» PROBLEM REQUIREMENTS:
Take the entries below and print, exactly, the stretch from the line containing "V. degree E" through the line containing "E \<longleftrightarrow> (\<forall>u\<in>V.", both included.

» DATA FOR THE TASK:
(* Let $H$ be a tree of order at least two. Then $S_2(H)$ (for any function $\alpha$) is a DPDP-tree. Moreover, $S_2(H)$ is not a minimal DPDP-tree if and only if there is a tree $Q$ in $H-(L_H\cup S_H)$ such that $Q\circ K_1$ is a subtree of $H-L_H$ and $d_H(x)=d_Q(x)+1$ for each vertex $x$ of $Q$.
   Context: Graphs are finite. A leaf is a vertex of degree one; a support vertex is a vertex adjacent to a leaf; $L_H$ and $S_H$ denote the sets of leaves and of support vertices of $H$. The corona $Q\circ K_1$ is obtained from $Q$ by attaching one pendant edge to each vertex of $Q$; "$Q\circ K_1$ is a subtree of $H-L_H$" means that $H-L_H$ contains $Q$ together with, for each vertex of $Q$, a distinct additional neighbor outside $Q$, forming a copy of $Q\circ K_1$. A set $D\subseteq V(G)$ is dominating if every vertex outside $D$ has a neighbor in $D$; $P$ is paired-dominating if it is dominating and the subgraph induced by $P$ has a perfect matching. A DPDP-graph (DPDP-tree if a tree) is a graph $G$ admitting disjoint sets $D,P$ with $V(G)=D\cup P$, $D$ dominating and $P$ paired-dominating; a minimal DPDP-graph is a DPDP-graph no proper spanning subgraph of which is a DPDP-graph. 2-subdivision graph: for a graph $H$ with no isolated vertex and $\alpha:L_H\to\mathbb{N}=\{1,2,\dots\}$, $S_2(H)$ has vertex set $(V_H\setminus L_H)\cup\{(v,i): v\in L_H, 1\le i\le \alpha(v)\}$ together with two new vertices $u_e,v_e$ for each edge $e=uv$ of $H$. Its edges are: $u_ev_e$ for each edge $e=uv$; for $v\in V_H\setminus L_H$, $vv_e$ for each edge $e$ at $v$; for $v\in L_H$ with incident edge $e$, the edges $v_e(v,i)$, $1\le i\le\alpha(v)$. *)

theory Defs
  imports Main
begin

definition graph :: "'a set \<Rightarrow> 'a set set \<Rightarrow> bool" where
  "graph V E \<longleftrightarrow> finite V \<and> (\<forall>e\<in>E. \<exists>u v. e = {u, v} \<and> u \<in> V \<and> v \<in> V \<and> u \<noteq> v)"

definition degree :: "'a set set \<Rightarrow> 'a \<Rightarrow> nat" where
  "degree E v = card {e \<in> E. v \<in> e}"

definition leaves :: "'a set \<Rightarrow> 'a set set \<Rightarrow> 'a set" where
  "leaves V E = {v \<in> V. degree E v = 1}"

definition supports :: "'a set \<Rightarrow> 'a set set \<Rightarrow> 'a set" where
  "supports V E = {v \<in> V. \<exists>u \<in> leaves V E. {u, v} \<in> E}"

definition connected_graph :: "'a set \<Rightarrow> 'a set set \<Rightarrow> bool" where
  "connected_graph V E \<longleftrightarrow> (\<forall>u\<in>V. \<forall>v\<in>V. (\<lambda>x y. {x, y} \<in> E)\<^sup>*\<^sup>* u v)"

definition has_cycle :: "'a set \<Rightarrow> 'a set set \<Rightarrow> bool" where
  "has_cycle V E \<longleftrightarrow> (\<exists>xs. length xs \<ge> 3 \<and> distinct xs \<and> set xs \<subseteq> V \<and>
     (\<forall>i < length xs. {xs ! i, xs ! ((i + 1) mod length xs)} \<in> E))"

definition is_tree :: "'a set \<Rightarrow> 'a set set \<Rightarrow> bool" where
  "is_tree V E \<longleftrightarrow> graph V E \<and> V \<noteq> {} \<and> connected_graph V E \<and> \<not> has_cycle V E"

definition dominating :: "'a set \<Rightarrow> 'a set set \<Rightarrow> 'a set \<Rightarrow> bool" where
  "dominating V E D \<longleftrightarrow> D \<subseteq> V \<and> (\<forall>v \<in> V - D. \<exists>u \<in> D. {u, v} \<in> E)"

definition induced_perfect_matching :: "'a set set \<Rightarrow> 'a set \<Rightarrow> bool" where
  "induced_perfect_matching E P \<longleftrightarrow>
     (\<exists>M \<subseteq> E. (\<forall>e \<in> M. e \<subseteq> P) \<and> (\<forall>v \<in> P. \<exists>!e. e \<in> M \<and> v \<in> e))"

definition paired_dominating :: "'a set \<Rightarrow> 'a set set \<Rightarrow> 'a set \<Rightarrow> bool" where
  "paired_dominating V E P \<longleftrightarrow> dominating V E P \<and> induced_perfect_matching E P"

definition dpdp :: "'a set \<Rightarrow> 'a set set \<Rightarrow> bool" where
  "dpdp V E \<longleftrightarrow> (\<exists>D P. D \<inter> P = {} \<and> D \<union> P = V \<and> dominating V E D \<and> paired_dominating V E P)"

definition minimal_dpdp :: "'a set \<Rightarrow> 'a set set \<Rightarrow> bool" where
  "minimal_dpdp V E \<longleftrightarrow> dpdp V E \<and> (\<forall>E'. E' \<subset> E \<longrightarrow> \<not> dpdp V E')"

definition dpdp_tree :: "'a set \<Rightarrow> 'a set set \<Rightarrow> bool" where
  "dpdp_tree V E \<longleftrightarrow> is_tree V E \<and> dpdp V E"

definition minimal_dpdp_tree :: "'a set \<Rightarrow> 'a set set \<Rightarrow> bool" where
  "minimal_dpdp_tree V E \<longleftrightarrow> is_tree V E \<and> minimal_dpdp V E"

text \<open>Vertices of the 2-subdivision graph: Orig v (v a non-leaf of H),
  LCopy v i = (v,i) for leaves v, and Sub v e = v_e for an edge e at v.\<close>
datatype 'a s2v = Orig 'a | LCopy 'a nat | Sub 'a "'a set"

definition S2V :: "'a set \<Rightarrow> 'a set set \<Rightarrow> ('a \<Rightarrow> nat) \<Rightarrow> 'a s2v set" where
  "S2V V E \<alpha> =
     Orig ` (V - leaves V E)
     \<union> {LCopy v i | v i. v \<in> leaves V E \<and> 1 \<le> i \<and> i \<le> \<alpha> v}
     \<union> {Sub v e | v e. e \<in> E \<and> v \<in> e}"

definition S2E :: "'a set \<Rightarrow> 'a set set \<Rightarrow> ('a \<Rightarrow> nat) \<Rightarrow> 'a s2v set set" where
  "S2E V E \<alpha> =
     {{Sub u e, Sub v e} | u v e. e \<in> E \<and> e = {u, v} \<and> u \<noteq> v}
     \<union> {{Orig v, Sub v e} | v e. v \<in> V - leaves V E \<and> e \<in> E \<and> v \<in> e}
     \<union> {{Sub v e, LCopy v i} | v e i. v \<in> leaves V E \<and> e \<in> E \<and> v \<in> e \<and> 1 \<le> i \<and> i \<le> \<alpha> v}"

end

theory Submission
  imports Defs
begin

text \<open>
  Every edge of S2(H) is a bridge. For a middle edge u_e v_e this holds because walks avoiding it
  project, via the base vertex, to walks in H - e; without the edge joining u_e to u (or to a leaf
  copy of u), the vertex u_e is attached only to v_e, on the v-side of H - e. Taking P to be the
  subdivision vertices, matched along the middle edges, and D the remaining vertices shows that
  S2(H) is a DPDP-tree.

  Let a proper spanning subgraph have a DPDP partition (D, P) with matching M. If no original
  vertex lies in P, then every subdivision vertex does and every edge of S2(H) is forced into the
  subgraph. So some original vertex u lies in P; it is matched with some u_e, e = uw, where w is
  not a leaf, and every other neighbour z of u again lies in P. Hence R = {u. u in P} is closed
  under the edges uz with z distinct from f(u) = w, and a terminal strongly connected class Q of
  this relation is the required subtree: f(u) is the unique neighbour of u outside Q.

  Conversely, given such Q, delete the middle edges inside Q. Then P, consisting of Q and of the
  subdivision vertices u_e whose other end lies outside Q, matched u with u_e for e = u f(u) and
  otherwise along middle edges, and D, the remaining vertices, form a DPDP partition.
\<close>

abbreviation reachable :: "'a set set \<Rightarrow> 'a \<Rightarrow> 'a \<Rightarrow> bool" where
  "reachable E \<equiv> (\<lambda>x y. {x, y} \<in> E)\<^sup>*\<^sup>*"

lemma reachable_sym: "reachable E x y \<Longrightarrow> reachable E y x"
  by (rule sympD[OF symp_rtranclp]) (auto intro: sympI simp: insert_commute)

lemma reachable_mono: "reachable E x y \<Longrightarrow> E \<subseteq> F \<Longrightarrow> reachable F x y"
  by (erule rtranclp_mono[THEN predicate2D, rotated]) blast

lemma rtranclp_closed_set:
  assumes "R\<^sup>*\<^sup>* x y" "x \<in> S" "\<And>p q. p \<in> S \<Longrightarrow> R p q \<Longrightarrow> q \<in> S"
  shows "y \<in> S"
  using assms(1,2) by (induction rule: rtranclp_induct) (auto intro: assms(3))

» EXERCISE RESULT:
  "leaves V E = {v \<in> V. degree E v = 1}"

definition supports :: "'a set \<Rightarrow> 'a set set \<Rightarrow> 'a set" where
  "supports V E = {v \<in> V. \<exists>u \<in> leaves V E. {u, v} \<in> E}"

definition connected_graph :: "'a set \<Rightarrow> 'a set set \<Rightarrow> bool" where
  "connected_graph V E \<longleftrightarrow> (\<forall>u\<in>V. \<forall>v\<in>V. (\<lambda>x y. {x, y} \<in> E)\<^sup>*\<^sup>* u v)"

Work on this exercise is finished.